Uma década de Baahubali: o épico que reescreveu o cinema indiano

Baahubali revela o coração trágico do heroísmo e a força espiritual do cinema indiano, transcendendo a fantasia enquanto fala da alma de um povo entre deuses, reis e homens

[Contém spoilers] 

O cinema indiano está repleto de obras preciosas sobre poder, destino, sacrifício, glória e queda, e Baahubali, lançado em 2015, é uma delas. No ano em que a primeira parte da duologia completa 10 anos, nada mais justo que relembrar aos fãs e apresentar aos recém-chegados no universo do cinema hindi os principais pontos que fizeram dessa obra monumental um marco das produções indianas. 

Embora encharcado de efeitos digitais e grandiloquência visual, Baahubali é essencialmente um mito. Um mito no sentido clássico, como os da Índia antiga, da Grécia ou da própria tradição cristã: uma narrativa que tenta expressar em forma dramática a estrutura da realidade, a hierarquia do ser, o conflito entre o dever e o desejo, entre o herói e a ordem cósmica.

O herói de Baahubali não é um rebelde moderno ou um anti-herói: ele é, ao contrário, um símbolo da vocação humana à realeza espiritual, o homem que aceita o peso do destino, o sacrifício pelo povo, a restauração da legitimidade.

Baahubali: The Beginning e Baahubali: The Conclusion  

Em oposição à boa parte do cinema americano atual, o indiano ainda conserva, em obras como essa, a consciência mítica de que o poder é um dever e que a grandeza exige sacrifício. 

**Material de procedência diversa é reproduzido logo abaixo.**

lemma cyclic_summand_if_local:
  assumes mm: "multiplication_module scale" and e: "e * e = e"
    and local: "\<And>r. r * e = r \<Longrightarrow> nilpotent r \<or> (\<exists>u. r * u = e)"
  shows "cyclic_summand e"
proof (cases "\<exists>w I i. span {scale e w} = ideal_smult scale I UNIV \<and> i \<in> I \<and> \<not> nilpotent (i * e)")
  case True
  then obtain w I i where I: "span {scale e w} = ideal_smult scale I UNIV" "i \<in> I"
    and unit: "\<not> nilpotent (i * e)"
    by blast
  have "i * e * e = i * e" using e by (simp add: mult.assoc)
  then obtain u where u: "i * e * u = e"
    using local unit by blast
  have "range (scale e) \<subseteq> span {scale e w}"
  proof clarify
    fix m
    have "scale e m = scale i (scale (e * u) m)"
      using u by (metis mult.assoc scale_scale)
    then show "scale e m \<in> span {scale e w}"
      unfolding I(1) ideal_smult_def using I(2) by (blast intro: span_base)
  qed
  moreover have "span {scale e w} \<subseteq> range (scale e)"
    by (simp add: span_minimal subspace_range_scale)
  ultimately show ?thesis unfolding cyclic_summand_def by blast
next
  case False
  have "range (scale e) \<subseteq> span {scale a m | a m. nilpotent a}"
  proof clarify
    fix w
    obtain I where I: "span {scale e w} = ideal_smult scale I UNIV"
      using mm by (rule multiplication_module_span_singleton)
    have "scale e w = scale e (scale e w)" using e by simp
    also have "\<dots> \<in> scale e ` ideal_smult scale I UNIV"
      using I by (blast intro: span_base)
    also have "\<dots> = span {scale (e * i) m | i m. i \<in> I}"
      by (rule scale_ideal_smult)
    also have "\<dots> \<subseteq> span {scale a m | a m. nilpotent a}"
      using False I by (intro span_mono) (auto simp: mult.commute)
    finally show "scale e w \<in> span {scale a m | a m. nilpotent a}" .
  qed
  then have "range (scale e) = span {0}"
    using idempotent_part_eq_0_if_nil[OF mm e] by (auto simp: span_singleton)
  then show ?thesis unfolding cyclic_summand_def by blast
qed

lemma cyclic_summand_artinian:
  assumes art: "artinian_ring TYPE('a)" and mm: "multiplication_module scale"
    and "e * e = e"
  shows "cyclic_summand e"
proof -
  have "wf (inv_image {(J, I). is_ideal J \<and> is_ideal I \<and> J \<subset> I} (\<lambda>e :: 'a. range ((*) e)))"
    using artinian_wf_ideal_psubset[OF art] by (rule wf_inv_image)
  then show ?thesis using assms(3)
  proof (induction e rule: wf_induct_rule)
    case (less e)
    have smaller: "cyclic_summand f" if "f * f = f" "f * e = f" "f \<noteq> e" for f
      using less.IH[of f] principal_ideal_psubset_idempotent[OF that] that(1)
        is_ideal_principal[of e] is_ideal_principal[of f]
      by simp
    consider (split) f where "f * f = f" "f * e = f" "f \<noteq> 0" "f \<noteq> e"
      | (local) "\<And>r. r * e = r \<Longrightarrow> nilpotent r \<or> (\<exists>u. r * u = e)"
      using artinian_idempotent_trichotomy[OF art] by blast
    then show ?case
    proof cases
      case split
      have "(e - f) * (e - f) = e - f" "(e - f) * e = e - f" "e - f \<noteq> e"
        using less.prems split by (simp_all add: algebra_simps)
      then show ?thesis
        using cyclic_summand_orthogonal_sum[OF less.prems split(1,2)] smaller split by blast
    next
      case local
      then show ?thesis by (rule cyclic_summand_if_local[OF mm less.prems])
    qed
  qed
qed

end

theorem corollary2p5:
  fixes scale :: "'a::comm_ring_1 \<Rightarrow> 'b::ab_group_add \<Rightarrow> 'b"
  assumes "artinian_ring TYPE('a)"
    and "multiplication_ring TYPE('a)"
    and "module scale"
    and "multiplication_module scale"
  shows "\<exists>f. module_hom ((*) :: 'a \<Rightarrow> 'a \<Rightarrow> 'a) scale f \<and> surj f"
proof -
  interpret module scale by fact
  have "cyclic_summand 1"
    by (rule cyclic_summand_artinian[OF assms(1,4)]) simp
  then obtain g where "range (scale 1) = span {g}"
    unfolding cyclic_summand_def by blast
  then have "surj (\<lambda>c. scale c g)" by (simp add: span_singleton)
  then show ?thesis using module_hom_scale_left by blast
qed

end
(* Every $1$-perfect orientation of a connected graph has at most one sink.
   Context: An orientation of a graph $G$ is $1$-perfect if for every vertex $v$ the out-neighborhood of $v$ is a clique in $G$. A sink is a vertex of out-degree $0$. *)

theory Defs
  imports Main
begin

definition simple_graph :: "'a set \<Rightarrow> ('a \<Rightarrow> 'a \<Rightarrow> bool) \<Rightarrow> bool" where
  "simple_graph V E \<longleftrightarrow> finite V \<and>
     (\<forall>u v. E u v \<longrightarrow> u \<in> V \<and> v \<in> V) \<and>
     (\<forall>u v. E u v \<longrightarrow> E v u) \<and> (\<forall>v. \<not> E v v)"

definition connected_graph :: "'a set \<Rightarrow> ('a \<Rightarrow> 'a \<Rightarrow> bool) \<Rightarrow> bool" where
  "connected_graph V E \<longleftrightarrow> (\<forall>u\<in>V. \<forall>v\<in>V. (\<lambda>x y. E x y)\<^sup>*\<^sup>* u v)"

definition orientation :: "'a set \<Rightarrow> ('a \<Rightarrow> 'a \<Rightarrow> bool) \<Rightarrow> ('a \<Rightarrow> 'a \<Rightarrow> bool) \<Rightarrow> bool" where
  "orientation V E D \<longleftrightarrow> (\<forall>u v. D u v \<longrightarrow> E u v) \<and>
     (\<forall>u v. E u v \<longrightarrow> (D u v \<longleftrightarrow> \<not> D v u))"

definition out_nbhd :: "('a \<Rightarrow> 'a \<Rightarrow> bool) \<Rightarrow> 'a \<Rightarrow> 'a set" where
  "out_nbhd D v = {w. D v w}"

definition is_clique :: "('a \<Rightarrow> 'a \<Rightarrow> bool) \<Rightarrow> 'a set \<Rightarrow> bool" where
  "is_clique E S \<longleftrightarrow> (\<forall>u\<in>S. \<forall>w\<in>S. u \<noteq> w \<longrightarrow> E u w)"

definition one_perfect :: "'a set \<Rightarrow> ('a \<Rightarrow> 'a \<Rightarrow> bool) \<Rightarrow> ('a \<Rightarrow> 'a \<Rightarrow> bool) \<Rightarrow> bool" where
  "one_perfect V E D \<longleftrightarrow> orientation V E D \<and> (\<forall>v\<in>V. is_clique E (out_nbhd D v))"

definition is_sink :: "'a set \<Rightarrow> ('a \<Rightarrow> 'a \<Rightarrow> bool) \<Rightarrow> 'a \<Rightarrow> bool" where
  "is_sink V D v \<longleftrightarrow> v \<in> V \<and> out_nbhd D v = {}"

end

theory Submission
  imports Defs
begin

text \<open>
  Let \<open>t\<close> be a sink. If \<open>y\<^sub>1 \<rightarrow> y\<^sub>0\<close> is an arc, then \<open>y\<^sub>0\<close> is at most as far from \<open>t\<close>
  as \<open>y\<^sub>1\<close>: follow a walk from \<open>y\<^sub>1\<close> to \<open>t\<close>; as long as its edges point backwards
  we may step back along them, and at the first forward edge \<open>y\<^sub>1 \<rightarrow> y\<^sub>2\<close> both \<open>y\<^sub>0\<close> and
  \<open>y\<^sub>2\<close> are out-neighbours of \<open>y\<^sub>1\<close>, hence adjacent. A second sink \<open>s\<close> is the head of the
  first arc on any walk from \<open>s\<close> to \<open>t\<close>, so it would be strictly closer to \<open>t\<close> than itself.
\<close>

lemma simple_graph_sym:
  assumes "simple_graph V E" and "E u v"
  shows "E v u"
  using assms unfolding simple_graph_def by blast

lemma orientation_arc_edge:
  assumes "orientation V E D" and "D u v"
  shows "E u v"
  using assms unfolding orientation_def by blast

lemma orientation_edge_cases:
  assumes "orientation V E D" and "E u v"
  shows "D u v \<or> D v u"
  using assms by (auto simp: orientation_def)

lemma one_perfect_orientation:
  assumes "one_perfect V E D"
  shows "orientation V E D"
  using assms by (simp add: one_perfect_def)

lemma one_perfect_out_nbhd_adjacent:
  assumes "simple_graph V E" and "one_perfect V E D"
    and "D v x" and "D v y" and "x \<noteq> y"
  shows "E x y"
proof -
  have "E v x" using orientation_arc_edge[OF one_perfect_orientation[OF assms(2)] assms(3)] .
  then have "v \<in> V" using assms(1) unfolding simple_graph_def by blast
  then show ?thesis
    using assms(2-5) by (auto simp: one_perfect_def is_clique_def out_nbhd_def)
qed

lemma one_perfect_arc_head_closer_to_sink:
  assumes graph: "simple_graph V E" and perfect: "one_perfect V E D"
    and sink: "is_sink V D t"
    and "D y\<^sub>1 y\<^sub>0" and "(E ^^ m) y\<^sub>1 t"
  shows "\<exists>j\<le>m. (E ^^ j) y\<^sub>0 t"
  using assms(4,5)
proof (induction m arbitrary: y\<^sub>0 y\<^sub>1)
  case 0
  then show ?case using sink by (auto simp: is_sink_def out_nbhd_def)
next
  case (Suc k)
  from Suc.prems(2) obtain y\<^sub>2 where "E y\<^sub>1 y\<^sub>2" and walk: "(E ^^ k) y\<^sub>2 t"
    by (rule relpowp_Suc_E2)
  have orient: "orientation V E D" using one_perfect_orientation[OF perfect] .
  have "E y\<^sub>0 y\<^sub>1"
    using simple_graph_sym[OF graph orientation_arc_edge[OF orient Suc.prems(1)]] .
  consider "D y\<^sub>2 y\<^sub>1" | "D y\<^sub>1 y\<^sub>2"
    using orientation_edge_cases[OF orient \<open>E y\<^sub>1 y\<^sub>2\<close>] by blast
  then show ?case
  proof cases
    case 1
    then obtain j where "j \<le> k" "(E ^^ j) y\<^sub>1 t" using Suc.IH walk by blast
    then have "(E ^^ Suc j) y\<^sub>0 t" using \<open>E y\<^sub>0 y\<^sub>1\<close> by (blast intro: relpowp_Suc_I2)
    moreover have "Suc j \<le> Suc k" using \<open>j \<le> k\<close> by simp
    ultimately show ?thesis by blast
  next
    case 2
    show ?thesis
    proof (cases "y\<^sub>0 = y\<^sub>2")
      case True
      then show ?thesis using walk le_SucI by blast
    next
      case False
      then have "E y\<^sub>0 y\<^sub>2"
        using one_perfect_out_nbhd_adjacent[OF graph perfect Suc.prems(1) 2] by blast
      then have "(E ^^ Suc k) y\<^sub>0 t" using walk by (rule relpowp_Suc_I2)
      then show ?thesis by blast
    qed
  qed
qed

lemma one_perfect_sinks_joined_by_walk_eq:
  assumes graph: "simple_graph V E" and perfect: "one_perfect V E D"
    and "is_sink V D s" and "is_sink V D t"
  shows "(E ^^ n) s t \<Longrightarrow> s = t"
proof (induction n rule: less_induct)
  case (less n)
  show ?case
  proof (cases n)
    case 0
    then show ?thesis using less.prems by simp
  next
    case (Suc k)
    from less.prems obtain y where "E s y" and walk: "(E ^^ k) y t"
      unfolding Suc by (rule relpowp_Suc_E2)
    have "\<not> D s y" using \<open>is_sink V D s\<close> by (auto simp: is_sink_def out_nbhd_def)
    then have "D y s"
      using orientation_edge_cases[OF one_perfect_orientation[OF perfect] \<open>E s y\<close>] by blast
    then obtain j where "j \<le> k" "(E ^^ j) s t"
      using one_perfect_arc_head_closer_to_sink[OF graph perfect \<open>is_sink V D t\<close> _ walk] by blast
    then show ?thesis using less.IH Suc by (blast intro: le_imp_less_Suc)
  qed
qed

theorem lemma2p9:
  assumes "simple_graph V E"
    and "connected_graph V E"
    and "one_perfect V E D"
  shows "card {v. is_sink V D v} \<le> 1"
proof -
  have "finite {v. is_sink V D v}"
    using assms(1) by (auto simp: simple_graph_def is_sink_def intro: finite_subset)
  moreover have "s = t" if "is_sink V D s" and "is_sink V D t" for s t
  proof -
    have "E\<^sup>*\<^sup>* s t" using assms(2) that by (auto simp: connected_graph_def is_sink_def)
    then obtain n where "(E ^^ n) s t" by (auto simp: rtranclp_power)
    then show ?thesis using one_perfect_sinks_joined_by_walk_eq[OF assms(1,3) that] by blast
  qed
  ultimately show ?thesis by (auto simp: card_le_Suc0_iff_eq)
qed

end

Foto: reprodução/Arka Media Works 

No reino de Mahishmati, a rainha-mãe escolhe seu sobrinho adotivo em vez de seu filho para ser o novo rei, desencadeando a hostilidade inevitável entre os dois príncipes. Quando o rei escolhido rejeita o trono por amor, uma trama de manipulação e suspeitas mal interpretadas levam a seu assassinato cruel. 

Escondido até a vida adulta, seu único filho e herdeiro retorna para resgatar sua mãe e vingar seu pai, o verdadeiro rei. 

É a história do príncipe herdeiro de Mahishmati, Mahendra Baahubali Sivudu (Prabhas), que acompanhamos na primeira parte da história, Baahubali: O início (2015)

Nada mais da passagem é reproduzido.